The answer must be an exact reproduction of the lines from the start of the records below through the line containing "v j)^2) = 1/2", and nothing more.

───── Data to process ─────

lemma S_spherical_embedding_of_offsets:
  fixes m :: nat and r s t \<sigma> :: real
  assumes "r \<ge> 0" "\<sigma> \<noteq> 0"
    and clique_centre: "1/2 - 1/(2 * real m) + real m * s^2 = r^2"
    and clique_triple: "1/2 - 1/(2 * real m) + real m * t^2 + \<sigma>^2 = 1"
    and triple_centre: "real m * (t - s)^2 + \<sigma>^2 = r^2"
  shows "spherical_embedding {0..<m+3} (S_adj (m+3)) (m+2) r"
proof -
  define p where "p u j =
    (if j < m then (if u < m then (if j = u then sqrt (1/2) else 0) else sqrt (1/2) / real m + t)
     else circle_triple m \<sigma> u j)" for u j
  define c where "c j = (if j < m then sqrt (1/2) / real m + s else 0)" for j
  have split: "(\<Sum>j<m+2. F j) = (\<Sum>j<m. F j) + F m + F (Suc m)" for F :: "nat \<Rightarrow> real"
    by (simp add: numeral_2_eq_2)
  have unit: "(\<Sum>j<m+2. (p u j - p v j)^2) = 1" if "u < m" "v < m + 3" "u \<noteq> v" for u v
  proof (cases "v < m")
    case True
    have "(\<Sum>j<m. (p u j - p v j)^2) = (\<Sum>j<m. (if j = u then 1/2 else 0) + (if j = v then 1/2 else 0))"
      using that True by (intro sum.cong refl) (auto simp: p_def)
    also have "\<dots> = 1" using that True by (simp add: sum.distrib)
    finally show ?thesis using that True by (simp add: split p_def circle_triple_def)
  next
    case False
    have "(\<Sum>j<m. (p u j - p v j)^2) = 1/2 - 1/(2 * real m) + real m * t^2"
      using that False simplex_vertex_diagonal_dist[of u m t] by (simp add: p_def)
    moreover have "(p u m - p v m)^2 + (p u (Suc m) - p v (Suc m))^2 = \<sigma>^2"
      using that False circle_triple_norm[of m v \<sigma>] by (simp add: p_def circle_triple_def)
    ultimately show ?thesis using clique_triple by (simp add: split)
  qed
  have sphere: "(\<Sum>j<m+2. (p v j - c j)^2) = r^2" if "v < m + 3" for v
  proof (cases "v < m")
    case True
    have "(\<Sum>j<m. (p v j - c j)^2) = 1/2 - 1/(2 * real m) + real m * s^2"
      using True simplex_vertex_diagonal_dist[of v m s] by (simp add: p_def c_def)
    then show ?thesis using True clique_centre by (simp add: split p_def c_def circle_triple_def)
  next
    case False
    have "(\<Sum>j<m. (p v j - c j)^2) = real m * (t - s)^2"
      using False by (simp add: p_def c_def)
    moreover have "(p v m - c m)^2 + (p v (Suc m) - c (Suc m))^2 = \<sigma>^2"
      using that False circle_triple_norm[of m v \<sigma>] by (simp add: p_def c_def)
    ultimately show ?thesis using triple_centre by (simp add: split)
  qed
  have adjacent_unit: "(\<Sum>j<m+2. (p u j - p v j)^2) = 1"
    if "u < m + 3" "v < m + 3" "u \<noteq> v" "u < m \<or> v < m" for u v
    using that unit unit[of v u] by (auto simp: power2_commute)
  show ?thesis
  proof (rule spherical_embeddingI)
    show "inj_on p {0..<m+3}"
    proof (rule inj_onI, rule ccontr)
      fix u v assume uv: "u \<in> {0..<m+3}" "v \<in> {0..<m+3}" "p u = p v" "u \<noteq> v"
      show False
      proof (cases "u < m \<or> v < m")
        case True
        then show False using adjacent_unit[of u v] uv by simp
      next
        case False
        have "circle_triple m \<sigma> u m = circle_triple m \<sigma> v m \<and>
            circle_triple m \<sigma> u (Suc m) = circle_triple m \<sigma> v (Suc m)"
          using fun_cong[OF \<open>p u = p v\<close>, of m] fun_cong[OF \<open>p u = p v\<close>, of "Suc m"]
          by (simp add: p_def)
        then show False
          using False uv circle_triple_eq_iff[OF \<open>\<sigma> \<noteq> 0\<close>, of m u v] by simp
      qed
    qed
    show "\<forall>v\<in>{0..<m+3}. in_Rn (m+2) (p v)" "in_Rn (m+2) c"
      by (auto simp: in_Rn_def p_def c_def circle_triple_def)
    show "\<forall>v\<in>{0..<m+3}. (\<Sum>j<m+2. (p v j - c j)^2) = r^2"
      using sphere by simp
    show "\<forall>u\<in>{0..<m+3}. \<forall>v\<in>{0..<m+3}. S_adj (m+3) u v \<longrightarrow>
        (\<Sum>j<m+2. (p u j - p v j)^2) = 1"
      using adjacent_unit by (auto simp: S_adj_def)
  qed (rule \<open>r \<ge> 0\<close>)
qed

lemma S_offsets_exist:
  fixes m :: nat and r :: real
  assumes "m > 0" and "real m / (2 * (real m + 1)) < r^2"
  obtains s t \<sigma> :: real where "\<sigma> \<noteq> 0"
    "1/2 - 1/(2 * real m) + real m * s^2 = r^2"
    "1/2 - 1/(2 * real m) + real m * t^2 + \<sigma>^2 = 1"
    "real m * (t - s)^2 + \<sigma>^2 = r^2"
proof -
  define M where "M = real m"
  have "M > 0" using assms(1) by (simp add: M_def)
  define D where "D = r^2 - 1/2 + 1/(2 * M)"
  have "M / (2 * (M + 1)) - 1/2 + 1/(2 * M) = 1 / (2 * M * (M + 1))"
    using \<open>M > 0\<close> by (simp add: field_split_simps)
  then have D_gt: "1 / (2 * M * (M + 1)) < D"
    using assms(2) by (simp add: D_def M_def)
  then have "D > 0" using \<open>M > 0\<close> by (smt (verit) divide_pos_pos mult_pos_pos)
  define s where "s = sqrt (D / M)"
  have "s > 0" "M * s^2 = D" using \<open>D > 0\<close> \<open>M > 0\<close> by (simp_all add: s_def)
  text \<open>t is chosen so that 2 M t s = 1 / M, which makes the triple equidistant from the centre.\<close>
  define t where "t = 1 / (2 * M^2 * s)"
  have "M * t^2 = 1 / (4 * M^2 * D)"
    using \<open>M * s^2 = D\<close>[symmetric] \<open>s > 0\<close> \<open>M > 0\<close>
    by (simp add: t_def power2_eq_square field_simps)
  also have "\<dots> < (M + 1) / (2 * M)"
  proof -
    have "1 < D * (2 * M * (M + 1))"
      using D_gt \<open>M > 0\<close> by (simp add: pos_divide_less_eq)
    then have "2 * M * 1 < 2 * M * (D * (2 * M * (M + 1)))"
      using \<open>M > 0\<close> by (intro mult_strict_left_mono) auto
    then have "2 * M < 4 * M^2 * D * (M + 1)"
      by (simp add: power2_eq_square algebra_simps)
    then show ?thesis using \<open>M > 0\<close> \<open>D > 0\<close> by (simp add: field_simps)
  qed
  finally have "M * t^2 < (M + 1) / (2 * M)" .
  define \<sigma> where "\<sigma> = sqrt ((M + 1) / (2 * M) - M * t^2)"
  have \<sigma>_sq: "\<sigma>^2 = (M + 1) / (2 * M) - M * t^2"
    using \<open>M * t^2 < (M + 1) / (2 * M)\<close> by (simp add: \<sigma>_def)
  show thesis
  proof
    show "\<sigma> \<noteq> 0" using \<open>M * t^2 < (M + 1) / (2 * M)\<close> by (simp add: \<sigma>_def)
    show "1/2 - 1/(2 * real m) + real m * s^2 = r^2"
      using \<open>M * s^2 = D\<close> by (simp add: D_def M_def)
    show "1/2 - 1/(2 * real m) + real m * t^2 + \<sigma>^2 = 1"
      using \<sigma>_sq \<open>M > 0\<close> by (simp add: M_def field_simps)
    have "2 * M * t * s = 1 / M"
      using \<open>s > 0\<close> \<open>M > 0\<close> by (simp add: t_def power2_eq_square field_simps)
    have "real m * (t - s)^2 + \<sigma>^2 = (M * t^2 + \<sigma>^2) - 2 * M * t * s + M * s^2"
      by (simp add: M_def power2_eq_square algebra_simps)
    also have "\<dots> = (M + 1) / (2 * M) - 1 / M + D"
      using \<sigma>_sq \<open>2 * M * t * s = 1 / M\<close> \<open>M * s^2 = D\<close> by simp
    also have "\<dots> = r^2"
      using \<open>M > 0\<close> by (simp add: D_def field_split_simps)
    finally show "real m * (t - s)^2 + \<sigma>^2 = r^2" .
  qed
qed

─────

● Exercise result:
lemma S_spherical_embedding_of_offsets:
  fixes m :: nat and r s t \<sigma> :: real
  assumes "r \<ge> 0" "\<sigma> \<noteq> 0"
    and clique_centre: "1/2 - 1/(2 * real m) + real m * s^2 = r^2"
    and clique_triple: "1/2 - 1/(2 * real m) + real m * t^2 + \<sigma>^2 = 1"
    and triple_centre: "real m * (t - s)^2 + \<sigma>^2 = r^2"
  shows "spherical_embedding {0..<m+3} (S_adj (m+3)) (m+2) r"
proof -
  define p where "p u j =
    (if j < m then (if u < m then (if j = u then sqrt (1/2) else 0) else sqrt (1/2) / real m + t)
     else circle_triple m \<sigma> u j)" for u j
  define c where "c j = (if j < m then sqrt (1/2) / real m + s else 0)" for j
  have split: "(\<Sum>j<m+2. F j) = (\<Sum>j<m. F j) + F m + F (Suc m)" for F :: "nat \<Rightarrow> real"
    by (simp add: numeral_2_eq_2)
  have unit: "(\<Sum>j<m+2. (p u j - p v j)^2) = 1" if "u < m" "v < m + 3" "u \<noteq> v" for u v
  proof (cases "v < m")
    case True
    have "(\<Sum>j<m. (p u j - p v j)^2) = (\<Sum>j<m. (if j = u then 1/2 else 0) + (if j = v then 1/2 else 0))"
      using that True by (intro sum.cong refl) (auto simp: p_def)
    also have "\<dots> = 1" using that True by (simp add: sum.distrib)
    finally show ?thesis using that True by (simp add: split p_def circle_triple_def)
  next
    case False
    have "(\<Sum>j<m. (p u j - p v j)^2) = 1/2 - 1/(2 * real m) + real m * t^2"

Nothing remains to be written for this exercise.